> AIM OF THE EXERCISE
What do the lines say, reproduced word for word, from the first of the entries below through the line bearing "by (auto simp: inj_on_def"?
┌─ DATA FOR ANALYSIS
lemma finite_Bfree:
  fixes X :: "'a::order set"
  assumes "lower_finite (UNIV :: 'a set) (\<le>)" and "X \<in> Bfree"
  shows "finite X"
proof -
  obtain F where F: "finite F" "X = down_closure F"
    using assms(2) unfolding Bfree_def by blast
  then have "X = (\<Union>x\<in>F. {y. y \<le> x})"
    by (auto simp: down_closure_def)
  with F(1) assms(1) show ?thesis
    unfolding lower_finite_def by auto
qed

lemma lower_finite_Bfree_iff:
  "lower_finite (Bfree :: 'a::order set set) (\<subseteq>) \<longleftrightarrow> lower_finite (UNIV :: 'a set) (\<le>)"
proof
  assume fin: "lower_finite (Bfree :: 'a set set) (\<subseteq>)"
  show "lower_finite (UNIV :: 'a set) (\<le>)"
    unfolding lower_finite_def
  proof
    fix x :: 'a
    let ?principal = "\<lambda>y::'a. down_closure {y}"
    have "?principal ` {y. y \<le> x} \<subseteq> {A \<in> Bfree. A \<subseteq> ?principal x}"
      by (auto simp: down_closure_singleton principal_in_Bfree)
    moreover have "finite {A \<in> Bfree. A \<subseteq> ?principal x}"
      using fin down_closure_in_Bfree[of "{x}"] unfolding lower_finite_def by blast
    moreover have "inj_on ?principal {y. y \<le> x}"
      by (auto simp: inj_on_def down_closure_singleton intro: order.antisym)
    ultimately show "finite {y \<in> UNIV. y \<le> x}"
      by (simp add: finite_image_iff[symmetric] finite_subset)
  qed
next
  assume "lower_finite (UNIV :: 'a set) (\<le>)"
  then have "finite (Pow X)" if "X \<in> Bfree" for X :: "'a set"
    using finite_Bfree that by blast
  then show "lower_finite (Bfree :: 'a set set) (\<subseteq>)"
    unfolding lower_finite_def by (auto intro: finite_subset[rotated])
qed

text \<open>The order of a \<open>\<bool>\<close>-module is \<open>a \<le> u \<longleftrightarrow> j a u = u\<close>; \<open>a\<close> is the join of \<open>A\<close> when its
  upper bounds in \<open>M\<close> are exactly those of \<open>A\<close>.\<close>

definition is_bsup :: "'b set \<Rightarrow> ('b \<Rightarrow> 'b \<Rightarrow> 'b) \<Rightarrow> 'b set \<Rightarrow> 'b \<Rightarrow> bool" where
  "is_bsup M j A a \<longleftrightarrow> (\<forall>u\<in>M. j a u = u \<longleftrightarrow> (\<forall>b\<in>A. j b u = u))"

definition bsup :: "'b set \<Rightarrow> ('b \<Rightarrow> 'b \<Rightarrow> 'b) \<Rightarrow> 'b set \<Rightarrow> 'b" where
  "bsup M j A = (THE a. a \<in> M \<and> is_bsup M j A a)"

context
  fixes M :: "'b set" and j :: "'b \<Rightarrow> 'b \<Rightarrow> 'b" and z :: 'b
  assumes bmod: "bmodule M j z"
begin

private lemma
  shows zero_in: "z \<in> M"
    and join_closed: "\<And>x y. x \<in> M \<Longrightarrow> y \<in> M \<Longrightarrow> j x y \<in> M"
    and join_assoc: "\<And>x y w. x \<in> M \<Longrightarrow> y \<in> M \<Longrightarrow> w \<in> M \<Longrightarrow> j (j x y) w = j x (j y w)"
    and join_commute: "\<And>x y. x \<in> M \<Longrightarrow> y \<in> M \<Longrightarrow> j x y = j y x"
    and join_idem: "\<And>x. x \<in> M \<Longrightarrow> j x x = x"
    and join_zero: "\<And>x. x \<in> M \<Longrightarrow> j z x = x"
  using bmod unfolding bmodule_def by auto

lemma bmodule_join_le_iff:
  assumes "a \<in> M" "b \<in> M" "u \<in> M"
  shows "j (j a b) u = u \<longleftrightarrow> j a u = u \<and> j b u = u"
proof
  assume ab: "j (j a b) u = u"
  have "j a u = j (j a (j a b)) u"
    using ab assms by (simp add: join_assoc join_closed)
  also have "j a (j a b) = j a b"
    using assms by (simp flip: join_assoc add: join_idem)
  finally have a: "j a u = u" using ab by simp
  have "j b u = j (j b (j a b)) u"
    using ab assms by (simp add: join_assoc join_closed)
  also have "j b (j a b) = j a b"
    using assms join_assoc[of b a b] join_commute[of a b] join_assoc[of a b b] join_idem[of b] by simp
  finally have b: "j b u = u" using ab by simp
  from a b show "j a u = u \<and> j b u = u" ..
next
  assume "j a u = u \<and> j b u = u"
  then show "j (j a b) u = u"
    using assms by (simp add: join_assoc)
qed

lemma is_bsup_unique:
  assumes "a \<in> M" "b \<in> M" "is_bsup M j A a" "is_bsup M j A b"
  shows "a = b"
proof -
  have "j a b = b" "j b a = a"
    using assms join_idem unfolding is_bsup_def by blast+
  with assms(1,2) show ?thesis by (metis join_commute)
qed

lemma is_bsup_empty: "is_bsup M j {} z"
  unfolding is_bsup_def by (simp add: join_zero)

lemma is_bsup_Un:
  assumes "a \<in> M" "b \<in> M" "is_bsup M j A a" "is_bsup M j B b"
  shows "is_bsup M j (A \<union> B) (j a b)"
  using assms bmodule_join_le_iff unfolding is_bsup_def by auto

lemma finite_bsup_exists:
  assumes "finite A" "A \<subseteq> M"
  shows "\<exists>a\<in>M. is_bsup M j A a"
  using assms
proof (induction A rule: finite_induct)
  case empty
  show ?case using zero_in is_bsup_empty by blast
next
  case (insert b A)
  then obtain a where "a \<in> M" "is_bsup M j A a" by auto
  moreover have "is_bsup M j {b} b"
    unfolding is_bsup_def by simp
  ultimately show ?case
    using insert.prems is_bsup_Un[of b a "{b}" A] join_closed by auto
qed

lemma
  assumes "finite A" "A \<subseteq> M"
  shows bsup_closed: "bsup M j A \<in> M" and is_bsup_bsup: "is_bsup M j A (bsup M j A)"
proof -
  obtain a where "a \<in> M" "is_bsup M j A a"
    using finite_bsup_exists assms by blast
  then have "bsup M j A = a"
    unfolding bsup_def by (blast intro: the_equality is_bsup_unique)
  with \<open>a \<in> M\<close> \<open>is_bsup M j A a\<close>
  show "bsup M j A \<in> M" "is_bsup M j A (bsup M j A)" by simp_all
qed

lemma bsup_eqI: "a \<in> M \<Longrightarrow> finite A \<Longrightarrow> A \<subseteq> M \<Longrightarrow> is_bsup M j A a \<Longrightarrow> bsup M j A = a"
  by (metis bsup_closed is_bsup_bsup is_bsup_unique)

lemma bsup_empty: "bsup M j {} = z"
  using bsup_eqI zero_in is_bsup_empty by blast

lemma bsup_singleton: "b \<in> M \<Longrightarrow> bsup M j {b} = b"
  by (rule bsup_eqI) (simp_all add: is_bsup_def)

lemma bsup_Un:
  assumes "finite A" "A \<subseteq> M" "finite B" "B \<subseteq> M"
  shows "bsup M j (A \<union> B) = j (bsup M j A) (bsup M j B)"
proof (rule bsup_eqI)
  show "j (bsup M j A) (bsup M j B) \<in> M"
    using assms by (simp add: bsup_closed join_closed)
  show "is_bsup M j (A \<union> B) (j (bsup M j A) (bsup M j B))"
    using assms by (simp add: bsup_closed is_bsup_bsup is_bsup_Un)
qed (use assms in auto)

lemma bhom_bsup:
  assumes "bhom M j z N (\<union>) {} f" "finite A" "A \<subseteq> M"
  shows "f (bsup M j A) = \<Union>(f ` A)"
  using assms(2,3)
proof (induction A rule: finite_induct)
  case empty
  show ?case using assms(1) bsup_empty unfolding bhom_def by simp
next
  case (insert b A)
  then have "bsup M j (insert b A) = j b (bsup M j A)"
    using bsup_Un[of "{b}" A] bsup_singleton by simp
  with insert assms(1) bsup_closed[of A] show ?case
    unfolding bhom_def by simp
qed

end

lemma bprojective_Bfree_if_lower_finite:
  assumes "lower_finite (UNIV :: 'a::order set) (\<le>)"
  shows "bprojective_in TYPE('b) (Bfree :: 'a set set) (\<union>) {}"
  unfolding bprojective_in_def
proof (intro allI impI)
  fix M :: "'b set" and j z and f :: "'b \<Rightarrow> 'a set"
  assume "bmodule M j z \<and> bhom M j z Bfree (\<union>) {} f \<and> f ` M = Bfree"
  then have bmod: "bmodule M j z" and hom: "bhom M j z Bfree (\<union>) {} f" and onto: "f ` M = Bfree"
    by auto
  have "\<exists>a\<in>M. f a = down_closure {y}" for y :: 'a
    using onto down_closure_in_Bfree[of "{y}"] by (metis finite.intros imageE)
  then obtain m :: "'a \<Rightarrow> 'b" where m: "\<And>y. m y \<in> M" "\<And>y. f (m y) = down_closure {y}"
    by metis
  define g where "g X = bsup M j (m ` X)" for X :: "'a set"
  have fin: "finite X" if "X \<in> Bfree" for X :: "'a set"
    using finite_Bfree assms that by blast
  have mX: "m ` X \<subseteq> M" for X
    using m(1) by blast
  have "bhom Bfree (\<union>) {} M j z g"
    unfolding bhom_def
  proof (intro conjI ballI)
    show "g X \<in> M" if "X \<in> Bfree" for X
      unfolding g_def using bsup_closed[OF bmod _ mX] fin[OF that] by blast
    show "g {} = z"
      unfolding g_def using bsup_empty[OF bmod] by simp
    show "g (X \<union> Y) = j (g X) (g Y)" if "X \<in> Bfree" "Y \<in> Bfree" for X Y
      unfolding g_def image_Un using bsup_Un[OF bmod _ mX _ mX] fin that by blast
  qed
  moreover have "f (g X) = X" if "X \<in> Bfree" for X
  proof -
    have "f (g X) = (\<Union>y\<in>X. f (m y))"
      unfolding g_def using bhom_bsup[OF bmod hom _ mX] fin[OF that] by (simp add: image_image)
    also have "\<dots> = X"
      using m(2) UN_down_closure_singleton_Bfree[OF that] by simp
    finally show ?thesis .
  qed
  ultimately show "\<exists>g. bhom Bfree (\<union>) {} M j z g \<and> (\<forall>X\<in>Bfree. f (g X) = X)"
    by blast
qed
└─
> ANSWER FOR THIS EXERCISE
lemma finite_Bfree:
  fixes X :: "'a::order set"
  assumes "lower_finite (UNIV :: 'a set) (\<le>)" and "X \<in> Bfree"
  shows "finite X"
proof -
  obtain F where F: "finite F" "X = down_closure F"
    using assms(2) unfolding Bfree_def by blast
  then have "X = (\<Union>x\<in>F. {y. y \<le> x})"
    by (auto simp: down_closure_def)
  with F(1) assms(1) show ?thesis
    unfolding lower_finite_def by auto
qed

lemma lower_finite_Bfree_iff:
  "lower_finite (Bfree :: 'a::order set set) (\<subseteq>) \<longleftrightarrow> lower_finite (UNIV :: 'a set) (\<le>)"
proof
  assume fin: "lower_finite (Bfree :: 'a set set) (\<subseteq>)"
  show "lower_finite (UNIV :: 'a set) (\<le>)"
    unfolding lower_finite_def
  proof
    fix x :: 'a
    let ?principal = "\<lambda>y::'a. down_closure {y}"
    have "?principal ` {y. y \<le> x} \<subseteq> {A \<in> Bfree. A \<subseteq> ?principal x}"
      by (auto simp: down_closure_singleton principal_in_Bfree)
    moreover have "finite {A \<in> Bfree. A \<subseteq> ?principal x}"
      using fin down_closure_in_Bfree[of "{x}"] unfolding lower_finite_def by blast
    moreover have "inj_on ?principal {y. y \<le> x}"
      by (auto simp: inj_on_def down_closure_singleton intro: order.antisym)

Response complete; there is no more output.